Urgent Medical Care for Paula Alder

Donation protected
This message is from Jessica Alder, Paula's daughter: Those of you who know my mom, Paula Alder, have seen her go from her energetic, active self--the woman who took an aerial dance class and bounced around on stage, doing improv--to hobbling about with a cane, barely able to walk half a block. I've watched her go through many stages during this past couple of years, from disbelief, confusion, fear, depression, and a sense of hopelessness to a state of vulnerability that has cracked her open.

For months, she was in so much pain, she could barely get up in the morning, and I couldn't believe this was her life. She went through acupuncture treatments, physical therapy, and a number of shots for the pain. Doctors were in disagreement about the problem, and my mom was getting worse and feeling scared. Everyone had a different idea about what she should do next, and nothing seemed to help.

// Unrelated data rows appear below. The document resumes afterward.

(* Let $\mathfrak L=\mathbb V\oplus\mathbb W$ be a color gLt-algebra admitting a quasi-multiplicative basis $\mathfrak B=\{e_i\}_{i\in I}$ of $\mathbb W\neq 0$. If $\mathfrak L$ is simple, then any two elements of the index set $I$ are connected.
   Context: Let $\mathbb F$ be a field, $\mathbb G$ an abelian group, $n\ge 2$, and $\epsilon:\mathbb G\times\mathbb G\to\mathbb F\setminus\{0\}$ a bicharacter ($\epsilon(k,g+h)=\epsilon(k,g)\epsilon(k,h)$, $\epsilon(g+h,k)=\epsilon(g,k)\epsilon(h,k)$, $\epsilon(g,h)\epsilon(h,g)=1$). A graded $n$-ary algebra is a $\mathbb G$-graded vector space $\mathfrak L=\bigoplus_{g\in\mathbb G}\mathfrak L_g$ with an $n$-linear map $\langle\cdot,\dots,\cdot\rangle:\mathfrak L^n\to\mathfrak L$ such that $\langle\mathfrak L_{g_1},\dots,\mathfrak L_{g_n}\rangle\subset\mathfrak L_{g_1+\dots+g_n}$. For $\sigma\in\mathbb S_n$ write $\langle x_1,\dots,x_n\rangle_\sigma:=\langle x_{\sigma(1)},\dots,x_{\sigma(n)}\rangle$; for subsets $A_1,\dots,A_n$, $\langle A_1,\dots,A_n\rangle_\sigma$ denotes the linear span of all $\langle x_1,\dots,x_n\rangle_\sigma$ with $x_r\in A_r$. A color gLt-algebra is a graded $n$-ary algebra satisfying, for each $k=1,\dots,n$ and fixed scalars $\alpha^{\sigma_1,\sigma_2}_{i,j,k}\in\mathbb F$, the color version (each term on the right multiplied by the product of values of $\epsilon$ on the degrees of the homogeneous arguments transposed in passing from the left-hand order to the order of that term) of the identity $\langle y_1,\dots,y_{k-1},\langle x_1,\dots,x_n\rangle,y_k,\dots,y_{n-1}\rangle=\sum_{1\le i,j\le n,\,\sigma_1\in\mathbb S_n,\,\sigma_2\in\mathbb S_{n-1}}\alpha^{\sigma_1,\sigma_2}_{i,j,k}\langle x_{\sigma_1(1)},\dots,x_{\sigma_1(i-1)},\langle y_{\sigma_2(1)},\dots,y_{\sigma_2(j-1)},x_{\sigma_1(i)},y_{\sigma_2(j)},\dots,y_{\sigma_2(n-1)}\rangle,x_{\sigma_1(i+1)},\dots,x_{\sigma_1(n)}\rangle$. A $\mathbb G$-graded subspace $\mathcal I\subset\mathfrak L$ is a color gLt-ideal if $\langle\mathcal I,\mathfrak L,\dots,\mathfrak L\rangle_\sigma\subset\mathcal I$ for every $\sigma\in\mathbb S_n$. $\mathfrak L$ is simple if its only color gLt-ideals are $\{0\}$ and $\mathfrak L$. $\mathfrak L$ admits a quasi-multiplicative basis if $\mathfrak L=\mathbb V\oplus\mathbb W$ with $\mathbb V$, $\mathbb W\ne0$ graded subspaces and $\mathfrak B=\{e_i\}_{i\in I}$ a basis of homogeneous elements of $\mathbb W$ such that: (1) for $i_1,\dots,i_n\in I$, either $\langle e_{i_1},\dots,e_{i_n}\rangle\in\mathbb Fe_j$ for some $j\in I$ or $\langle e_{i_1},\dots,e_{i_n}\rangle\in\mathbb V$; (2) for $0<k<n$, $i_1,\dots,i_k\in I$ and $\sigma\in\mathbb S_n$, $\langle e_{i_1},\dots,e_{i_k},\mathbb V,\dots,\mathbb V\rangle_\sigma\subset\mathbb Fe_{j_\sigma}$ for some $j_\sigma\in I$; (3) either $\langle\mathbb V,\dots,\mathbb V\rangle\subset\mathbb Fe_j$ for some $j\in I$ or $\langle\mathbb V,\dots,\mathbb V\rangle\subset\mathbb V$. Index maps: let $v$ be a symbol not in $I$, $\mathfrak I:=I\,\dot\cup\,\{v\}$; for each $j\in\mathfrak I$ take a new symbol $\overline j$, $\overline I:=\{\overline i:i\in I\}$, $\overline{\mathfrak I}:=\overline I\,\dot\cup\,\{\overline v\}$; set $\overline{(\overline j)}:=j$, $\overline J:=\{\overline j:j\in J\}$ for a set $J$ of symbols ($\overline\emptyset=\emptyset$). Put $u_j:=e_j$ for $j\in I$ and $u_v:=\mathbb V$. For $\sigma\in\mathbb S_n$ and $(j_1,\dots,j_n)\in\mathfrak I^n$ let $a_\sigma(j_1,\dots,j_n)=\{r\}$ if $r\in I$ and $0\ne\langle u_{j_1},\dots,u_{j_n}\rangle_\sigma\subset\mathbb Fe_r$, $=\{v\}$ if $0\ne\langle u_{j_1},\dots,u_{j_n}\rangle_\sigma\subset\mathbb V$, and $=\emptyset$ otherwise. For $j,j_2,\dots,j_n\in\mathfrak I$ let $b_\sigma(j,\overline j_2,\dots,\overline j_n):=\{x\in\mathfrak I: a_\sigma(x,j_2,\dots,j_n)=\{j\}\}$. Define $\mu$ on $(\mathfrak I\,\dot\cup\,\overline{\mathfrak I})\times(\mathfrak I^{n-1}\,\dot\cup\,\overline{\mathfrak I}^{n-1})$ with values subsets of $\mathfrak I$ by: $\mu(j,j_1,\dots,j_{n-1})=\bigcup_{\sigma\in\mathbb S_n}a_\sigma(j,j_1,\dots,j_{n-1})$ for $j,j_1,\dots,j_{n-1}\in\mathfrak I$; $\mu(j,\overline j_1,\dots,\overline j_{n-1})=\bigcup_{\sigma\in\mathbb S_n}b_\sigma(j,\overline j_1,\dots,\overline j_{n-1})$ for $j,j_1,\dots,j_{n-1}\in\mathfrak I$; $\mu(\overline j,j_1,\dots,j_{n-1})=\bigcup_{1\le k\le n-1,\ \sigma\in\mathbb S_n}b_\sigma(j_k,\overline j,\overline j_1,\dots,\overline j_{k-1},\overline j_{k+1},\dots,\overline j_{n-1})$ for $j,j_1,\dots,j_{n-1}\in\mathfrak I$; and $\mu(\overline j,\overline j_1,\dots,\overline j_{n-1})=\emptyset$. Define $\phi$ on pairs $(J,X)$ with $J\subset I\,\dot\cup\,\overline I$ and $X\in\mathfrak I^{n-1}\,\dot\cup\,\overline{\mathfrak I}^{n-1}$ by $\phi(\emptyset,X)=\emptyset$ and, for $J\ne\emptyset$, $\phi(J,X):=K\cup\overline K$ where $K:=\big(\bigcup_{j\in J}\mu(j,X)\big)\setminus\{v\}$. Connections: for distinct $i,j\in I$, $i$ is connected to $j$ if there exist $t\ge1$, $X_1,\dots,X_t\in\mathfrak I^{n-1}\,\dot\cup\,\overline{\mathfrak I}^{n-1}$ and $\widetilde i\in\{i,\overline i\}$ such that $\phi(\{\widetilde i\},X_1)\ne\emptyset$, …, $\phi(\cdots\phi(\{\widetilde i\},X_1)\cdots,X_{t-1})\ne\emptyset$, and $j\in\phi(\cdots\phi(\phi(\{\widetilde i\},X_1),X_2)\cdots,X_t)$; every $i$ is connected to itself. *)

theory Defs
  imports Complex_Main "HOL-Combinatorics.Permutations"
begin

text \<open>Conventions: the n-ary product is a function br :: (nat => 'v) => 'v whose
  arguments are indexed 0..n-1 (0-based). The field is 'k, the grading group is 'g,
  the algebra is the whole type 'v (a vector space over 'k via scale).
  The index set I of the basis is the type 'i; the extra symbol v is None in 'i option.
  A barred symbol is tagged with Inr, an unbarred one with Inl.\<close>

definition ins :: "nat \<Rightarrow> 'a \<Rightarrow> (nat \<Rightarrow> 'a) \<Rightarrow> nat \<Rightarrow> 'a" where
  "ins k z f p = (if p < k then f p else if p = k then z else f (p - 1))"

definition del :: "nat \<Rightarrow> (nat \<Rightarrow> 'a) \<Rightarrow> nat \<Rightarrow> 'a" where
  "del k f p = (if p < k then f p else f (Suc p))"

definition perms :: "nat \<Rightarrow> (nat \<Rightarrow> nat) set" where
  "perms n = {\<sigma>. \<sigma> permutes {..<n}}"

definition hom_decomp :: "('g \<Rightarrow> 'v set) \<Rightarrow> 'v::comm_monoid_add \<Rightarrow> ('g \<Rightarrow> 'v) \<Rightarrow> bool" where
  "hom_decomp Lg x c \<longleftrightarrow> finite {g. c g \<noteq> 0} \<and> (\<forall>g. c g \<in> Lg g) \<and> x = (\<Sum>g\<in>{g. c g \<noteq> 0}. c g)"

definition graded_space :: "('k::field \<Rightarrow> 'v::ab_group_add \<Rightarrow> 'v) \<Rightarrow> ('g \<Rightarrow> 'v set) \<Rightarrow> bool" where
  "graded_space scale Lg \<longleftrightarrow> vector_space scale \<and> (\<forall>g. module.subspace scale (Lg g))
     \<and> (\<forall>x. \<exists>!c. hom_decomp Lg x c)"

definition graded_subspace :: "('k::field \<Rightarrow> 'v::ab_group_add \<Rightarrow> 'v) \<Rightarrow> ('g \<Rightarrow> 'v set) \<Rightarrow> 'v set \<Rightarrow> bool" where
  "graded_subspace scale Lg S \<longleftrightarrow> module.subspace scale S
     \<and> (\<forall>x\<in>S. \<forall>c. hom_decomp Lg x c \<longrightarrow> (\<forall>g. c g \<in> S))"

definition bicharacter :: "('g::ab_group_add \<Rightarrow> 'g \<Rightarrow> 'k::field) \<Rightarrow> bool" where
  "bicharacter eps \<longleftrightarrow> (\<forall>g h. eps g h \<noteq> 0)
     \<and> (\<forall>k g h. eps k (g + h) = eps k g * eps k h)
     \<and> (\<forall>g h k. eps (g + h) k = eps g k * eps h k)
     \<and> (\<forall>g h. eps g h * eps h g = 1)"

definition multilinear :: "('k::field \<Rightarrow> 'v::ab_group_add \<Rightarrow> 'v) \<Rightarrow> nat \<Rightarrow> ((nat \<Rightarrow> 'v) \<Rightarrow> 'v) \<Rightarrow> bool" where
  "multilinear scale n br \<longleftrightarrow>
     (\<forall>f f'. (\<forall>p<n. f p = f' p) \<longrightarrow> br f = br f')
   \<and> (\<forall>f p a b. p < n \<longrightarrow> br (f(p := a + b)) = br (f(p := a)) + br (f(p := b)))
   \<and> (\<forall>f p c a. p < n \<longrightarrow> br (f(p := scale c a)) = scale c (br (f(p := a))))"

definition graded_product :: "('g::ab_group_add \<Rightarrow> 'v set) \<Rightarrow> nat \<Rightarrow> ((nat \<Rightarrow> 'v) \<Rightarrow> 'v) \<Rightarrow> bool" where
  "graded_product Lg n br \<longleftrightarrow>
     (\<forall>d f. (\<forall>p<n. f p \<in> Lg (d p)) \<longrightarrow> br f \<in> Lg (\<Sum>p<n. d p))"

(* color factor: atoms Inl a = x_a (a < n), Inr b = y_b (b < n-1).
   posL = position in the left-hand order y_0..y_{k-1}, x_0..x_{n-1}, y_k..y_{n-2};
   posR = position in the order of the right-hand term
   x_{s1 0}..x_{s1(i-1)}, y_{s2 0}..y_{s2(j-1)}, x_{s1 i}, y_{s2 j}..y_{s2(n-2)}, x_{s1(i+1)}..x_{s1(n-1)} *)

definition atoms :: "nat \<Rightarrow> (nat + nat) set" where
  "atoms n = Inl ` {..<n} \<union> Inr ` {..<n - 1}"

definition posL :: "nat \<Rightarrow> nat \<Rightarrow> nat + nat \<Rightarrow> nat" where
  "posL n k t = (case t of Inl a \<Rightarrow> k + a | Inr b \<Rightarrow> (if b < k then b else b + n))"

Finally, after numerous diagnostic tests, it now appears that the arthritis in her back has progressed, causing nerve pain that is unpredictable and hard to treat. She had a diagnostic test that pinpointed the nerve that was causing most of that pain, and a cortisone shot has relieved a lot of it--for the moment. She will certainly need more shots, and the last one cost over $700 out of pocket. Good, affordable health care is not a given.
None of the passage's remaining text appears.